### Record extracts ###

(* Let $k\ge 2$ and let $\mathcal{C}$ be an optimum distance full flag code on $\mathbb{F}_q^{2k}$. Then $|\mathcal{C}|\le q^k+1$, with equality if and only if the $k$-projected code $\mathcal{C}_k$ is a $k$-spread of $\mathbb{F}_q^{2k}$.
   Context: $q$ is a prime power. For subspaces $\mathcal{U},\mathcal{V}$, $d_S(\mathcal{U},\mathcal{V})=\dim(\mathcal{U}+\mathcal{V})-\dim(\mathcal{U}\cap\mathcal{V})$. A full flag on $\mathbb{F}_q^{2k}$ is a tuple $(\mathcal{F}_1,\ldots,\mathcal{F}_{2k-1})$ of subspaces with $\mathcal{F}_1\subsetneq\cdots\subsetneq\mathcal{F}_{2k-1}$ and $\dim\mathcal{F}_i=i$; a full flag code is a set of at least two full flags, with distance $d_f(\mathcal{C})=\min_{\mathcal{F}\ne\mathcal{F}'}\sum_i d_S(\mathcal{F}_i,\mathcal{F}'_i)$; it is an optimum distance full flag code if $d_f(\mathcal{C})=2k^2$ (the maximum possible value). The $k$-projected code is $\mathcal{C}_k=\{\mathcal{F}_k:\mathcal{F}\in\mathcal{C}\}$. A $k$-spread of $\mathbb{F}_q^{2k}$ is a set of $k$-dimensional subspaces pairwise intersecting trivially, of cardinality $q^k+1$. *)

theory Defs
  imports "HOL-Analysis.Analysis" "HOL-Library.FuncSet"
begin

text \<open>Ambient space: F_q^N modelled as 'a ^ 'n with 'a a finite field (q = CARD('a),
 automatically a prime power) and N = CARD('n).\<close>

definition subspace_dist :: "('a::field ^ 'n) set \<Rightarrow> ('a ^ 'n) set \<Rightarrow> nat" where
  "subspace_dist U V = vec.dim (vec.span (U \<union> V)) - vec.dim (U \<inter> V)"

definition full_flag :: "nat \<Rightarrow> (nat \<Rightarrow> ('a::field ^ 'n) set) \<Rightarrow> bool" where
  "full_flag N F \<longleftrightarrow> F \<in> extensional {1..<N}
     \<and> (\<forall>i\<in>{1..<N}. vec.subspace (F i) \<and> vec.dim (F i) = i)
     \<and> (\<forall>i\<in>{1..<N}. \<forall>j\<in>{1..<N}. i < j \<longrightarrow> F i \<subset> F j)"

definition flag_dist :: "nat \<Rightarrow> (nat \<Rightarrow> ('a::field ^ 'n) set) \<Rightarrow> (nat \<Rightarrow> ('a ^ 'n) set) \<Rightarrow> nat" where
  "flag_dist N F G = (\<Sum>i\<in>{1..<N}. subspace_dist (F i) (G i))"

definition full_flag_code :: "nat \<Rightarrow> (nat \<Rightarrow> ('a::field ^ 'n) set) set \<Rightarrow> bool" where
  "full_flag_code N C \<longleftrightarrow> 2 \<le> card C \<and> (\<forall>F\<in>C. full_flag N F)"

definition flag_code_dist :: "nat \<Rightarrow> (nat \<Rightarrow> ('a::field ^ 'n) set) set \<Rightarrow> nat" where
  "flag_code_dist N C = Min {flag_dist N F G | F G. F \<in> C \<and> G \<in> C \<and> F \<noteq> G}"

definition optimum_distance_full_flag_code :: "nat \<Rightarrow> (nat \<Rightarrow> ('a::field ^ 'n) set) set \<Rightarrow> bool" where
  "optimum_distance_full_flag_code k C \<longleftrightarrow>
     full_flag_code (2*k) C \<and> flag_code_dist (2*k) C = 2 * k^2"

definition projected_code :: "nat \<Rightarrow> (nat \<Rightarrow> ('a::field ^ 'n) set) set \<Rightarrow> ('a ^ 'n) set set" where
  "projected_code i C = (\<lambda>F. F i) ` C"

definition is_spread :: "nat \<Rightarrow> ('a::{field,finite} ^ 'n) set set \<Rightarrow> bool" where
  "is_spread k S \<longleftrightarrow> (\<forall>U\<in>S. vec.subspace U \<and> vec.dim U = k)
     \<and> (\<forall>U\<in>S. \<forall>V\<in>S. U \<noteq> V \<longrightarrow> U \<inter> V = {0})
     \<and> card S = CARD('a)^k + 1"

end

theory Submission
  imports Defs
begin

text \<open>Every term of the flag distance is bounded by the distance of two subspaces of the same
  dimension i in F_q^2k, namely 2 min(i, 2k - i), and these bounds add up to exactly 2k^2.
  So in an optimum distance code every term attains its bound; for i = k this says that the
  k-dimensional subspaces of distinct flags intersect trivially. The k-projected code is then
  a partial spread of the same cardinality as the code, and counting nonzero vectors bounds
  a partial spread by q^k + 1, with equality precisely for spreads.\<close>

definition partial_spread :: "nat \<Rightarrow> ('a::field ^ 'n) set set \<Rightarrow> bool" where
  "partial_spread k S \<longleftrightarrow> (\<forall>U\<in>S. vec.subspace U \<and> vec.dim U = k)
     \<and> (\<forall>U\<in>S. \<forall>V\<in>S. U \<noteq> V \<longrightarrow> U \<inter> V = {0})"

lemma is_spread_iff_partial_spread:
  fixes S :: "('a::{field,finite} ^ 'n) set set"
  shows "is_spread k S \<longleftrightarrow> partial_spread k S \<and> card S = CARD('a)^k + 1"
  unfolding is_spread_def partial_spread_def by (simp only: conj_assoc)

lemma dim_span_Un_add_dim_Int:
  fixes U V :: "('a::field ^ 'n) set"
  assumes "vec.subspace U" "vec.subspace V"
  shows "vec.dim (vec.span (U \<union> V)) + vec.dim (U \<inter> V) = vec.dim U + vec.dim V"
proof -
  have "vec.span U = U" "vec.span V = V"
    using assms by simp_all
  then have "vec.span (U \<union> V) = {x + y |x y. x \<in> U \<and> y \<in> V}"
    using vec.span_Un[of U V] by (simp only:)
  then show ?thesis
    using vec.dim_sums_Int[OF assms] by simp
qed

lemma subspace_dist_same_dim:
  fixes U V :: "('a::field ^ 'n) set"
  assumes "vec.subspace U" "vec.subspace V" "vec.dim U = i" "vec.dim V = i"
  shows "subspace_dist U V = 2 * (i - vec.dim (U \<inter> V))"
  using dim_span_Un_add_dim_Int[OF assms(1,2)] assms(3,4) unfolding subspace_dist_def by linarith

lemma subspace_dist_le:
  fixes U V :: "('a::field ^ 'n) set"
  assumes "vec.subspace U" "vec.subspace V" "vec.dim U = i" "vec.dim V = i"
  shows "subspace_dist U V \<le> 2 * min i (CARD('n) - i)"
  using dim_span_Un_add_dim_Int[OF assms(1,2)] dim_subset_UNIV_cart_gen[of "vec.span (U \<union> V)"]
    subspace_dist_same_dim[OF assms] assms(3,4)
  by linarith

lemma subspace_dist_eq_imp_Int_zero:
  fixes U V :: "('a::field ^ 'n) set"
  assumes "vec.subspace U" "vec.subspace V" "vec.dim U = i" "vec.dim V = i"
    and "subspace_dist U V = 2 * i"
  shows "U \<inter> V = {0}"
proof -
  have "vec.dim (U \<inter> V) = 0"
    using subspace_dist_same_dim[OF assms(1-4)] assms(3,5) vec.dim_subset[OF Int_lower1, of U V]
    by linarith
  then have "U \<inter> V \<subseteq> {0}"
    by simp
  moreover have "0 \<in> U \<inter> V"
    using assms(1,2) vec.subspace_0 by blast
  ultimately show ?thesis
    by blast
qed

lemma sum_min_complement: "(\<Sum>i\<in>{1..<2*k}. min i (2*k - i)) = (k::nat)^2"
proof (induction k)
  case 0
  then show ?case by simp
next
  case (Suc k)
  have "(\<Sum>i\<in>{1..<2*k}. min i (2*Suc k - i))
      = (\<Sum>i\<in>{1..<2*k}. min i (2*k - i) + (if k < i then 2 else 0))"
    by (rule sum.cong) (auto simp: min_def)
  also have "\<dots> = k^2 + (\<Sum>i\<in>{1..<2*k}. if k < i then 2 else 0)"
    using Suc.IH by (simp add: sum.distrib)
  also have "(\<Sum>i\<in>{1..<2*k}. if k < i then 2 else 0) = (\<Sum>i\<in>{k<..<2*k}. 2)"
    by (rule sum.mono_neutral_cong_right) auto
  finally have "(\<Sum>i\<in>{1..<2*k}. min i (2*Suc k - i)) = k^2 + 2 * (k - 1)"
    by simp
  moreover have "{1..<2*Suc k} = insert (2*k+1) (insert (2*k) {1..<2*k})" if "k > 0"
    using that by auto
  ultimately show ?case
    by (cases "k = 0") (simp_all add: power2_eq_square algebra_simps)
qed

lemma flag_code_dist_le:
  assumes "finite C" "F \<in> C" "G \<in> C" "F \<noteq> G"
  shows "flag_code_dist N C \<le> flag_dist N F G"
proof -
  let ?D = "{flag_dist N F G | F G. F \<in> C \<and> G \<in> C \<and> F \<noteq> G}"
  have "?D \<subseteq> (\<lambda>(F, G). flag_dist N F G) ` (C \<times> C)"
    by auto
  then have "finite ?D"
    by (rule finite_subset) (simp add: assms(1))
  moreover have "flag_dist N F G \<in> ?D"
    using assms(2-4) by blast
  ultimately show ?thesis
    unfolding flag_code_dist_def by simp
qed

lemma optimum_distance_middle_subspace:
  assumes "k \<ge> 1" "optimum_distance_full_flag_code k C" "F \<in> C"
  shows "vec.subspace (F k) \<and> vec.dim (F k) = k"
  using assms
  unfolding optimum_distance_full_flag_code_def full_flag_code_def full_flag_def by auto

text \<open>All terms of the flag distance attain their upper bound, in particular the middle one.\<close>

lemma optimum_distance_middle_Int_zero:
  fixes C :: "(nat \<Rightarrow> ('a::field ^ 'n) set) set"
  assumes "CARD('n) = 2 * k" "k \<ge> 1" "optimum_distance_full_flag_code k C"
    and "F \<in> C" "G \<in> C" "F \<noteq> G"
  shows "F k \<inter> G k = {0}"
proof -
  let ?I = "{1..<2*k}"
  let ?d = "\<lambda>i. subspace_dist (F i) (G i)" and ?b = "\<lambda>i. 2 * min i (2*k - i)"
  have flags: "full_flag (2*k) F" "full_flag (2*k) G" and "2 \<le> card C"
    and dist: "flag_code_dist (2*k) C = 2 * k^2"
    using assms(3-5) unfolding optimum_distance_full_flag_code_def full_flag_code_def by auto
  then have "finite C"
    using card.infinite by fastforce
  have sub: "vec.subspace (F i) \<and> vec.dim (F i) = i \<and> vec.subspace (G i) \<and> vec.dim (G i) = i"
    if "i \<in> ?I" for i
    using flags that unfolding full_flag_def by blast
  have le: "?d i \<le> ?b i" if "i \<in> ?I" for i
    using subspace_dist_le[of "F i" "G i" i] sub[OF that] assms(1) by simp
  have "sum ?b ?I = 2 * k^2"
    using sum_min_complement[of k] by (simp add: sum_distrib_left[symmetric])
  also have "\<dots> \<le> sum ?d ?I"
    using flag_code_dist_le[OF \<open>finite C\<close> assms(4-6), of "2*k"] dist
    unfolding flag_dist_def by simp
  moreover have "sum ?d ?I \<le> sum ?b ?I"
    using le by (rule sum_mono)
  ultimately have "sum ?d ?I = sum ?b ?I"
    by linarith
  then have "?d k = ?b k"
    using sum_mono_inv[of ?d ?I ?b k] le assms(2) by auto
  then show ?thesis
    using subspace_dist_eq_imp_Int_zero[of "F k" "G k" k] sub[of k] assms(2) by auto
qed

lemma optimum_distance_projected_partial_spread:
  fixes C :: "(nat \<Rightarrow> ('a::field ^ 'n) set) set"
  assumes "CARD('n) = 2 * k" "k \<ge> 1" "optimum_distance_full_flag_code k C"
  shows "partial_spread k (projected_code k C)"
  using optimum_distance_middle_subspace[OF assms(2,3)] optimum_distance_middle_Int_zero[OF assms]
  unfolding partial_spread_def projected_code_def by blast

lemma card_projected_code_optimum_distance:
  fixes C :: "(nat \<Rightarrow> ('a::field ^ 'n) set) set"
  assumes "CARD('n) = 2 * k" "k \<ge> 1" "optimum_distance_full_flag_code k C"
  shows "card (projected_code k C) = card C"
proof -
  have "inj_on (\<lambda>F. F k) C"
  proof (rule inj_onI, rule ccontr)
    fix F G assume "F \<in> C" "G \<in> C" "F k = G k" "F \<noteq> G"
    then have "F k = {0}"
      using optimum_distance_middle_Int_zero[OF assms] by auto
    then show False
      using optimum_distance_middle_subspace[OF assms(2,3) \<open>F \<in> C\<close>] assms(2) by simp
  qed
  then show ?thesis
    unfolding projected_code_def by (rule card_image)
qed

lemma card_subspace:
  fixes U :: "('a::{field,finite} ^ 'n) set"
  assumes "vec.subspace U"
  shows "card U = CARD('a) ^ vec.dim U"
proof -
  obtain B where B: "B \<subseteq> U" "vec.independent B" "U \<subseteq> vec.span B" "card B = vec.dim U"
    using vec.basis_exists by blast
  have "finite B"
    using B(2) vec.finiteI_independent by blast
  have span_B: "vec.span B = U"
    using B(1,3) assms vec.span_minimal by blast
  define comb where "comb u = (\<Sum>v\<in>B. u v *s v)" for u :: "'a ^ 'n \<Rightarrow> 'a"
  have "comb ` (B \<rightarrow>\<^sub>E UNIV) = U"
  proof
    show "comb ` (B \<rightarrow>\<^sub>E UNIV) \<subseteq> U"
      using span_B vec.span_finite[OF \<open>finite B\<close>] unfolding comb_def by auto
  next
    show "U \<subseteq> comb ` (B \<rightarrow>\<^sub>E UNIV)"
    proof
      fix x assume "x \<in> U"
      then obtain u where "x = comb u"
        using span_B vec.span_finite[OF \<open>finite B\<close>] unfolding comb_def by auto
      also have "\<dots> = comb (restrict u B)"
        unfolding comb_def by (rule sum.cong) auto
      finally show "x \<in> comb ` (B \<rightarrow>\<^sub>E UNIV)"
        by auto
    qed
  qed
  moreover have "inj_on comb (B \<rightarrow>\<^sub>E UNIV)"
  proof
    fix u w assume u: "u \<in> B \<rightarrow>\<^sub>E UNIV" and w: "w \<in> B \<rightarrow>\<^sub>E UNIV" and "comb u = comb w"
    have indep: "\<forall>v\<in>B. c v = 0" if "(\<Sum>v\<in>B. c v *s v) = 0" for c
      using B(2) that unfolding vec.independent_explicit by blast
    have "(\<Sum>v\<in>B. (u v - w v) *s v) = 0"
      using \<open>comb u = comb w\<close> unfolding comb_def by (simp add: vector_sub_rdistrib sum_subtractf)
    then have "\<forall>v\<in>B. u v - w v = 0"
      by (rule indep)
    then show "u = w"
      using u w by (auto simp: PiE_def extensional_def fun_eq_iff)
  qed
  ultimately have "card U = card (B \<rightarrow>\<^sub>E (UNIV :: 'a set))"
    using card_image by fastforce
  also have "\<dots> = CARD('a) ^ vec.dim U"
    using \<open>finite B\<close> B(4) by (simp add: card_PiE)
  finally show ?thesis .
qed

text \<open>The nonzero vectors of the members of a partial spread are pairwise disjoint.\<close>

lemma partial_spread_card_mult_le:
  fixes S :: "('a::{field,finite} ^ 'n) set set"
  assumes "partial_spread k S"
  shows "card S * (CARD('a)^k - 1) \<le> CARD('a)^CARD('n) - 1"
proof -
  have sub: "vec.subspace U" "vec.dim U = k" if "U \<in> S" for U
    using assms that unfolding partial_spread_def by auto
  have disj: "U \<inter> V = {0}" if "U \<in> S" "V \<in> S" "U \<noteq> V" for U V
    using assms that unfolding partial_spread_def by auto
  have "finite S"
    by (rule finite_subset[of _ UNIV]) simp_all
  have "card S * (CARD('a)^k - 1) = (\<Sum>U\<in>S. CARD('a)^k - 1)"
    by simp
  also have "\<dots> = (\<Sum>U\<in>S. card (U - {0}))"
    by (rule sum.cong) (simp_all add: card_Diff_singleton sub card_subspace vec.subspace_0)
  also have "\<dots> = card (\<Union>U\<in>S. U - {0})"
    by (rule card_UN_disjoint[symmetric]) (use \<open>finite S\<close> disj in auto)
  also have "\<dots> \<le> card (UNIV - {0 :: 'a ^ 'n})"
    by (rule card_mono) auto
  also have "\<dots> = CARD('a)^CARD('n) - 1"
    by (simp add: card_Diff_singleton)
  finally show ?thesis .
qed

lemma partial_spread_card_le:
  fixes S :: "('a::{field,finite} ^ 'n) set set"
  assumes "CARD('n) = 2 * k" "k \<ge> 1" "partial_spread k S"
  shows "card S \<le> CARD('a)^k + 1"
proof -
  define m where "m = CARD('a)^k"
  have "2 \<le> CARD('a)"
    using card_mono[of UNIV "{0::'a, 1}"] by simp
  then have "2 \<le> m"
    unfolding m_def using assms(2) self_le_power[of "CARD('a)" k] by linarith
  have "card S * (m - 1) \<le> m * m - 1"
    using partial_spread_card_mult_le[OF assms(3)] assms(1)
    unfolding m_def by (simp add: power_mult power2_eq_square mult.commute)
  also have "\<dots> = (m + 1) * (m - 1)"
    using \<open>2 \<le> m\<close> by (cases m) simp_all
  finally have "card S * (m - 1) \<le> (m + 1) * (m - 1)" .
  then have "card S \<le> m + 1"
    by (rule mult_right_le_imp_le) (use \<open>2 \<le> m\<close> in simp)
  then show ?thesis
    unfolding m_def .
qed

theorem theorem4p5:
  fixes C :: "(nat \<Rightarrow> ('a::{field,finite} ^ 'n) set) set" and k :: nat
  assumes "CARD('n) = 2 * k" and "k \<ge> 2"
    and "optimum_distance_full_flag_code k C"
  shows "card C \<le> CARD('a)^k + 1
    \<and> (card C = CARD('a)^k + 1 \<longleftrightarrow> is_spread k (projected_code k C))"
proof -
  have "k \<ge> 1"
    using assms(2) by simp
  have spread: "partial_spread k (projected_code k C)"
    using optimum_distance_projected_partial_spread[OF assms(1) \<open>k \<ge> 1\<close> assms(3)] .
  have card_eq: "card (projected_code k C) = card C"
    using card_projected_code_optimum_distance[OF assms(1) \<open>k \<ge> 1\<close> assms(3)] .
  have "card C \<le> CARD('a)^k + 1"
    using partial_spread_card_le[OF assms(1) \<open>k \<ge> 1\<close> spread] card_eq by simp
  then show ?thesis
    using spread card_eq by (simp add: is_spread_iff_partial_spread)
qed

end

###

What is expected: Where does the string "moreover" occur in the data above? Copy every line that holds it.

Solution for this task:
  moreover have "0 \<in> U \<inter> V"
  moreover have "{1..<2*Suc k} = insert (2*k+1) (insert (2*k) {1..<2*k})" if "k > 0"
  moreover have "flag_dist N F G \<in> ?D"
  moreover have "sum ?d ?I \<le> sum ?b ?I"
  moreover have "inj_on comb (B \<rightarrow>\<^sub>E UNIV)"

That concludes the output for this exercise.